WHAT IS BEING ASKED
For each line in the data below that holds "DiaL", return a copy.

[Stored data]
text \<open>Induction on a derivation of a sequent with the input \<open>x : \<phi>\<close>, following this input upwards.
  An invariant \<^term>\<open>Q\<close> of edges and remaining inputs must survive the non-principal rules, and
  each rule that has \<open>x : \<phi>\<close> as principal formula is handled by one of the hypotheses \<open>P\<dots>\<close>.
  The conclusion may add edges \<^term>\<open>N\<close> and inputs \<^term>\<open>M\<close>, and the fresh labels chosen
  along the way avoid \<^term>\<open>B\<close>; this covers both the inversion lemmas and the principal cases
  of cut for \<open>\<rightarrow>\<close> and \<open>\<box>\<rightarrow>\<close>.\<close>

lemma lderiv_input_induct:
  assumes "lderiv E J u" "J = add_mset (x,\<phi>) I" "Q E I" "B \<inter> labels E J u = {}"
    and fB: "finite B" and nb: "\<phi> \<noteq> Bot"
    and Qw: "\<And>E I z c. Q E I \<Longrightarrow> Q E (add_mset (z,c) I)"
    and QwE: "\<And>E I v. Q E I \<Longrightarrow> Q (add_mset v E) I"
    and Qand: "\<And>E I z c d. Q E (add_mset (z, And c d) I) \<Longrightarrow> Q E (add_mset (z,c) (add_mset (z,d) I))"
    and Qor1: "\<And>E I z c d. Q E (add_mset (z, Or c d) I) \<Longrightarrow> Q E (add_mset (z,c) I)"
    and Qor2: "\<And>E I z c d. Q E (add_mset (z, Or c d) I) \<Longrightarrow> Q E (add_mset (z,d) I)"
    and Qimp: "\<And>E I z c d. Q E (add_mset (z, Imp c d) I) \<Longrightarrow> Q E (add_mset (z,d) I)"
    and Qdia: "\<And>E I z c d y. Q E (add_mset (z, DiaArr c d) I) \<Longrightarrow> y \<notin> elabels E \<Longrightarrow> y \<notin> flabels I
      \<Longrightarrow> y \<noteq> z \<Longrightarrow> y \<noteq> x \<Longrightarrow> y \<notin> B \<Longrightarrow> Q (add_mset (z,c,y) E) (add_mset (y,d) I)"
    and Pinit: "\<And>E I p. \<phi> = Atom p \<Longrightarrow> Q E I \<Longrightarrow> B \<inter> labels E (add_mset (x,\<phi>) I) (x,\<phi>) = {}
      \<Longrightarrow> lderiv (E+N) (I+M) (x, Atom p)"
    and Pand: "\<And>E I u c d. \<phi> = And c d \<Longrightarrow> Q E I \<Longrightarrow> B \<inter> labels E (add_mset (x,\<phi>) I) u = {}
      \<Longrightarrow> lderiv E (add_mset (x,c) (add_mset (x,d) I)) u \<Longrightarrow> lderiv (E+N) (I+M) u"
    and Por: "\<And>E I u c d. \<phi> = Or c d \<Longrightarrow> Q E I \<Longrightarrow> B \<inter> labels E (add_mset (x,\<phi>) I) u = {}
      \<Longrightarrow> lderiv E (add_mset (x,c) I) u \<Longrightarrow> lderiv E (add_mset (x,d) I) u \<Longrightarrow> lderiv (E+N) (I+M) u"
    and Pimp: "\<And>E I u c d. \<phi> = Imp c d \<Longrightarrow> Q E I \<Longrightarrow> B \<inter> labels E (add_mset (x,\<phi>) I) u = {}
      \<Longrightarrow> lderiv (E+N) (I+M) (x,c) \<Longrightarrow> lderiv E (add_mset (x,d) I) u \<Longrightarrow> lderiv (E+N) (I+M) u"
    and Pbox: "\<And>E I u c d e z. \<phi> = BoxArr c d \<Longrightarrow> Q E I \<Longrightarrow> B \<inter> labels E (add_mset (x,\<phi>) I) u = {}
      \<Longrightarrow> (x,e,z) \<in># E \<Longrightarrow> lentails c e \<Longrightarrow> lentails e c \<Longrightarrow> lderiv (E+N) (add_mset (z,d) I + M) u
      \<Longrightarrow> lderiv (E+N) (I+M) u"
    and Pdia: "\<And>E I u c d F. \<phi> = DiaArr c d \<Longrightarrow> Q E I \<Longrightarrow> B \<inter> labels E (add_mset (x,\<phi>) I) u = {}
      \<Longrightarrow> finite F \<Longrightarrow> (\<forall>y. y \<notin> F \<longrightarrow> lderiv (add_mset (x,c,y) E) (add_mset (y,d) I) u)
      \<Longrightarrow> lderiv (E+N) (I+M) u"
  shows "lderiv (E+N) (I+M) u"
  using assms(1-4)
proof (induction arbitrary: I rule: lderiv.induct)
  case (Init E z p K)
  from Init(1) show ?case
  proof (cases rule: add_mset_eq_cases)
    case 1 then show ?thesis using Pinit[of p E I] Init by auto
  next
    case (2 K') then show ?thesis by (simp add: lderiv.Init)
  qed
next
  case (BotL E z K u)
  from BotL(1) show ?case
  proof (cases rule: add_mset_eq_cases)
    case 1 then show ?thesis using nb by auto
  next
    case (2 K') then show ?thesis by (simp add: lderiv.BotL)
  qed
next
  case (AndL E z a b K u)
  from AndL(3) show ?case
  proof (cases rule: add_mset_eq_cases)
    case 1 then show ?thesis using Pand[of a b E I u] AndL by auto
  next
    case (2 K')
    have "lderiv (E+N) (add_mset (z,a) (add_mset (z,b) K') + M) u"
      by (rule AndL.IH) (use 2 AndL Qand in \<open>auto simp: add_mset_commute labels_def\<close>)
    then show ?thesis using 2 by (simp add: lderiv.AndL)
  qed
next
  case (AndR E K z a b)
  show ?case
    by (rule lderiv.AndR; rule AndR.IH) (use AndR in \<open>auto simp: labels_def\<close>)
next
  case (OrL E z a K u b)
  from OrL(5) show ?case
  proof (cases rule: add_mset_eq_cases)
    case 1 then show ?thesis using Por[of a b E I u] OrL by auto
  next
    case (2 K')
    have "lderiv (E+N) (add_mset (z,a) K' + M) u"
      by (rule OrL.IH) (use 2 OrL Qor1 in \<open>auto simp: add_mset_commute labels_def\<close>)
    moreover have "lderiv (E+N) (add_mset (z,b) K' + M) u"
      by (rule OrL.IH) (use 2 OrL Qor2 in \<open>auto simp: add_mset_commute labels_def\<close>)
    ultimately show ?thesis using 2 by (simp add: lderiv.OrL)
  qed
next
  case (OrR1 E K z a b)
  show ?case
    by (rule lderiv.OrR1, rule OrR1.IH) (use OrR1 in \<open>auto simp: labels_def\<close>)
next
  case (OrR2 E K z b a)
  show ?case
    by (rule lderiv.OrR2, rule OrR2.IH) (use OrR2 in \<open>auto simp: labels_def\<close>)
next
  case (ImpL E z a b K u)
  from ImpL(5) show ?case
  proof (cases rule: add_mset_eq_cases)
    case 1
    have "lderiv (E+N) (I+M) (z,a)"
      by (rule ImpL.IH(1)) (use 1 ImpL in \<open>auto simp: labels_def\<close>)
    then have "lderiv (E+N) (I+M) (x,a)" using 1 by simp
    then show ?thesis using Pimp[of a b E I u] ImpL 1 by auto
  next
    case (2 K')
    have "lderiv (E+N) (add_mset (z, Imp a b) K' + M) (z,a)"
      by (rule ImpL.IH(1)) (use 2 ImpL in \<open>auto simp: add_mset_commute labels_def\<close>)
    moreover have "lderiv (E+N) (add_mset (z,b) K' + M) u"
      by (rule ImpL.IH(2)) (use 2 ImpL Qimp in \<open>auto simp: add_mset_commute labels_def\<close>)
    ultimately show ?thesis using 2 by (simp add: lderiv.ImpL)
  qed
next
  case (ImpR E z a K b)
  show ?case
  proof (rule lderiv.ImpR)
    show "lderiv (E+N) (add_mset (z,a) (I + M)) (z,b)"
      using ImpR.IH[of "add_mset (z,a) I"] ImpR Qw by (auto simp: add_mset_commute labels_def)
  qed
next
  case (BoxL z e w E a b K u)
  from BoxL.prems(1) show ?case
  proof (cases rule: add_mset_eq_cases)
    case 1
    have "lderiv (E+N) (add_mset (w,b) I + M) u"
      by (rule BoxL.IH(3)) (use 1 BoxL Qw in \<open>auto simp: add_mset_commute labels_def dest: elabels_mem\<close>)
    then show ?thesis using Pbox[of a b E I u e w] BoxL 1 by auto
  next
    case (2 K')
    have "lderiv (E+N) (add_mset (w,b) (add_mset (z, BoxArr a b) K') + M) u"
      by (rule BoxL.IH(3)) (use 2 BoxL Qw in \<open>auto simp: add_mset_commute labels_def dest: elabels_mem\<close>)
    then show ?thesis using 2 BoxL.hyps(1-3) by (simp, intro lderiv.BoxL[of z e w]) auto
  qed
next
  case (BoxR F z a E K b)
  show ?case
  proof (rule lderiv.BoxR[of "F \<union> B"])
    show "finite (F \<union> B)" using BoxR fB by auto
    show "\<forall>y. y \<notin> F \<union> B \<longrightarrow> lderiv (add_mset (z, a, y) (E + N)) (I + M) (y, b)"
    proof (intro allI impI)
      fix y assume "y \<notin> F \<union> B"
      then have y: "y \<notin> F" "y \<notin> B" by auto
      have "lderiv (add_mset (z, a, y) E + N) (I + M) (y, b)"
        using BoxR(2) y BoxR(3-) QwE by (auto simp: labels_def)
      then show "lderiv (add_mset (z, a, y) (E + N)) (I + M) (y, b)" by simp
    qed
  qed
next
  case (DiaL F z a E b K u)
  from DiaL(3) show ?case
  proof (cases rule: add_mset_eq_cases)
    case 1 then show ?thesis using Pdia[of a b E I u F] DiaL by auto
  next
    case (2 K')
    let ?F = "F \<union> B \<union> labels E (add_mset (z, DiaArr a b) K) u"
    have "lderiv (add_mset (z,a,y) E + N) (add_mset (y,b) K' + M) u" if y: "y \<notin> ?F" for y
    proof -
      have "add_mset (y,b) K = add_mset (x,\<phi>) (add_mset (y,b) K')"
        using 2 by (simp add: add_mset_commute)
      moreover have "Q (add_mset (z,a,y) E) (add_mset (y,b) K')"
        by (rule Qdia) (use 2 DiaL y in \<open>auto simp: labels_def\<close>)
      moreover have "B \<inter> labels (add_mset (z,a,y) E) (add_mset (y,b) K) u = {}"
        using DiaL(5) y by (auto simp: labels_def)
      ultimately show ?thesis using DiaL(2) y by blast
    qed
    then have "lderiv (E + N) (add_mset (z, DiaArr a b) (K' + M)) u"
      using DiaL(1) fB by (intro lderiv.DiaL[of ?F]) simp_all
    then show ?thesis using 2 by simp
  qed
next
  case (DiaR z e w E a K b)
  have "lderiv (E+N) (I+M) (w,b)"
    by (rule DiaR.IH(3)) (use DiaR in \<open>auto simp: labels_def dest: elabels_mem\<close>)
  then show ?case using DiaR.hyps(1-3) by (intro lderiv.DiaR[of z e w]) auto
qed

ANSWER AREA
  case (DiaL F z a E b K u)
  from DiaL(3) show ?case
    case 1 then show ?thesis using Pdia[of a b E I u F] DiaL by auto
        by (rule Qdia) (use 2 DiaL y in \<open>auto simp: labels_def\<close>)
        using DiaL(5) y by (auto simp: labels_def)
      ultimately show ?thesis using DiaL(2) y by blast
      using DiaL(1) fB by (intro lderiv.DiaL[of ?F]) simp_all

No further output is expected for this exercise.